The agent I'm writing shares some ideas with Pi but otherwise departs quite drastically from the core design used by Claude Code, Codex, Pi etc, and it seems to have yielded some nice benefits:
• No early stopping ("shall I continue?", "5 tests failed -> all tests passed, I'm done" etc).
• No permission prompts but also no YOLO mode or broken Seatbelt sandboxes. Everything is executed in a customized container designed specifically for the model and adapted to its needs. The agent does a lot of container management to make this work well.
• Agent can manage its own context window, and does. I never needed to add compaction because I never yet saw it run out of context.
• Seems to be fast compared to other agents, at least in any environment where there's heavy load on the inferencing servers.
• Eliminates "slop-isms" like excessive error swallowing, narrative commenting, dropping fully qualified class names into the middle of source files etc.
• No fancy TUI. I don't want to spend any time fixing flickering bugs when I could be improving its skill at the core tasks I actually need it for.
It's got downsides too, it's very overfit to the exact things I've needed and the corporate environment it runs in. It's not a full replacement for CC or Codex. But I use it all the time and it writes nearly all my code now.
The agent is owned by the company and they're starting to ask about whether it could be productized so I suppose I can't really go into the techniques used to achieve this, sorry. Suffice it to say that the agent design space is far wider and deeper than you'd initially intuit from reading articles like this. None of the ideas in my agent are hard to come up with so explore!
As a user of a minimal, opinionated agent (https://exe.dev) I've observed at least 80% of this article's findings myself.
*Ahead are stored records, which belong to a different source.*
(* In the stochastic approximation setting described in the context (with $\mu>0$ chosen so that $\alpha_2>0$), for all $k\ge0$, $$\mathbb{E}[M(x_{k+1}-x^* )\mid\mathcal F_k]\le(1-2\alpha_2\epsilon_k+\alpha_3\epsilon_k^2)M(x_k-x^* )+\frac{\alpha_4(A+2B\|x^*\|_c^2)}{2(1+\mu/\ell_{cs}^2)}\epsilon_k^2.$$
   Context: Let $\|\cdot\|_c,\|\cdot\|_e$ be arbitrary norms on $\mathbb{R}^d$. Let $\mathcal H:\mathbb{R}^d\to\mathbb{R}^d$ satisfy $\|\mathcal H(x)-\mathcal H(y)\|_c\le\gamma\|x-y\|_c$ for all $x,y$, for some $\gamma\in(0,1)$, and let $x^*$ be its unique fixed point. Fix a deterministic $x_0\in\mathbb{R}^d$ and define $x_{k+1}=x_k+\epsilon_k(\mathcal H(x_k)-x_k+w_k)$, where $\{w_k\}$ are random vectors such that, letting $\mathcal F_k$ be the $\sigma$-algebra generated by $x_0,w_0,\dots,x_{k-1},w_{k-1},x_k$, for all $k\ge0$: $\mathbb{E}[w_k\mid\mathcal F_k]=0$ and $\mathbb{E}[\|w_k\|_e^2\mid\mathcal F_k]\le A+B\|x_k\|_e^2$ for constants $A,B>0$. The stepsizes $\{\epsilon_k\}$ are positive and non-increasing. A convex differentiable $h$ is $L$-smooth w.r.t. a norm $\|\cdot\|$ if $h(y)\le h(x)+\langle\nabla h(x),y-x\rangle+\frac L2\|x-y\|^2$ for all $x,y$. Let $\|\cdot\|_s$ be a norm such that $g(x)=\frac12\|x\|_s^2$ is $L$-smooth w.r.t. $\|\cdot\|_s$, and let $\ell_{cs},\ell_{es}\in(0,1]$, $u_{cs},u_{es}\in[1,\infty)$ satisfy $\ell_{cs}\|x\|_c\le\|x\|_s\le u_{cs}\|x\|_c$ and $\ell_{es}\|x\|_e\le\|x\|_s\le u_{es}\|x\|_e$ for all $x$. Let $f(x)=\frac12\|x\|_c^2$ and, for $\mu>0$, $M(x)=\min_{u\in\mathbb{R}^d}\{f(u)+\frac1\mu g(x-u)\}$. Define $\alpha_1=\frac{1+\mu/\ell_{cs}^2}{1+\mu/u_{cs}^2}$, $\alpha_2=1-\gamma\alpha_1^{1/2}$, $\alpha_3=\frac{4u_{cs}^2u_{es}^2(B+2)L(\ell_{cs}^2+\mu)}{\mu\ell_{cs}^2\ell_{es}^2}$, $\alpha_4=\frac{\alpha_3}{2(B+2)}$; $\mu$ is chosen so that $\alpha_2>0$. *)

theory Defs
  imports "HOL-Analysis.Analysis" "HOL-Probability.Probability"
begin

definition is_norm :: "('a::real_vector \<Rightarrow> real) \<Rightarrow> bool" where
  "is_norm N \<longleftrightarrow> (\<forall>x. N x = 0 \<longleftrightarrow> x = 0) \<and> (\<forall>a x. N (a *\<^sub>R x) = \<bar>a\<bar> * N x)
     \<and> (\<forall>x y. N (x + y) \<le> N x + N y)"

definition L_smooth :: "('a::euclidean_space \<Rightarrow> real) \<Rightarrow> ('a \<Rightarrow> real) \<Rightarrow> real \<Rightarrow> bool" where
  "L_smooth h N L \<longleftrightarrow> convex_on UNIV h \<and>
     (\<exists>grad. (\<forall>x. (h has_derivative (\<lambda>v. grad x \<bullet> v)) (at x)) \<and>
        (\<forall>x y. h y \<le> h x + grad x \<bullet> (y - x) + L / 2 * (N (x - y))\<^sup>2))"

definition moreau :: "('a \<Rightarrow> real) \<Rightarrow> ('a \<Rightarrow> real) \<Rightarrow> real \<Rightarrow> 'a::ab_group_add \<Rightarrow> real" where
  "moreau Nc Ns \<mu> x = (INF u. (1/2) * (Nc u)\<^sup>2 + (1/\<mu>) * ((1/2) * (Ns (x - u))\<^sup>2))"

definition hist :: "'w measure \<Rightarrow> (nat \<Rightarrow> 'w \<Rightarrow> 'b::topological_space) \<Rightarrow> (nat \<Rightarrow> 'w \<Rightarrow> 'b) \<Rightarrow> nat \<Rightarrow> 'w measure" where
  "hist M x w k = sigma (space M)
     ({x i -` B \<inter> space M | i B. i \<le> k \<and> B \<in> sets borel} \<union>
      {w i -` B \<inter> space M | i B. i < k \<and> B \<in> sets borel})"

end

theory Submission
  imports Defs
begin

(*
  M is a smooth convex surrogate of Nc^2/2: it is 2-homogeneous, it is squeezed between
  Nc^2 / (2 (1 + mu/lcs^2)) and Nc^2 / (2 (1 + mu/ucs^2)), and it inherits from Ns^2/2 an upper
  quadratic bound with constant L/mu w.r.t. Ns.  Expanding M at the new error
  z + eps (H(x_k) - x* - z + w_k), z = x_k - x*, to first order plus this quadratic remainder:
  by Euler's identity <grad M(z), z> = 2 M(z) and the squeeze applied to the contraction H, the drift
  term is at most -2 (1 - gamma sqrt alpha_1) M(z); the noise term has zero conditional mean; and the
  remainder is controlled by the conditional variance bound and the norm equivalences.
*)

section \<open>Norms given as functions\<close>

lemma is_norm_eq_0_iff: "is_norm N \<Longrightarrow> N x = 0 \<longleftrightarrow> x = 0"
  unfolding is_norm_def by blast

lemma is_norm_scaleR: "is_norm N \<Longrightarrow> N (a *\<^sub>R x) = \<bar>a\<bar> * N x"
  unfolding is_norm_def by blast

lemma is_norm_triangle: "is_norm N \<Longrightarrow> N (x + y) \<le> N x + N y"
  unfolding is_norm_def by blast

lemma is_norm_zero: "is_norm N \<Longrightarrow> N 0 = 0"
  by (simp add: is_norm_eq_0_iff)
Small and observable is excellent.
Letting your agent read traces of other sessions is an interesting method of context trimming.
Especially, "always Yolo" and "no background tasks". The LLM can manage Unix processes just fine with bash (e.g. ps, lsof, kill), and if you want you can remind it to use systemd, and it will. (It even does it without rolling it's eyes, which I normally do when forced to deal with systemd.)
Something he didn't mention is git: talk to your agent a commit at a time. Recently I had a colleague check in his minimal, broken PoC on a new branch with the commit message "work in progress". We pointed the agent at the branch and said, "finish the feature we started" and it nailed it in one shot. No context whatsoever other than "draw the rest of the f'ing owl" and it just.... did it. Fascinating.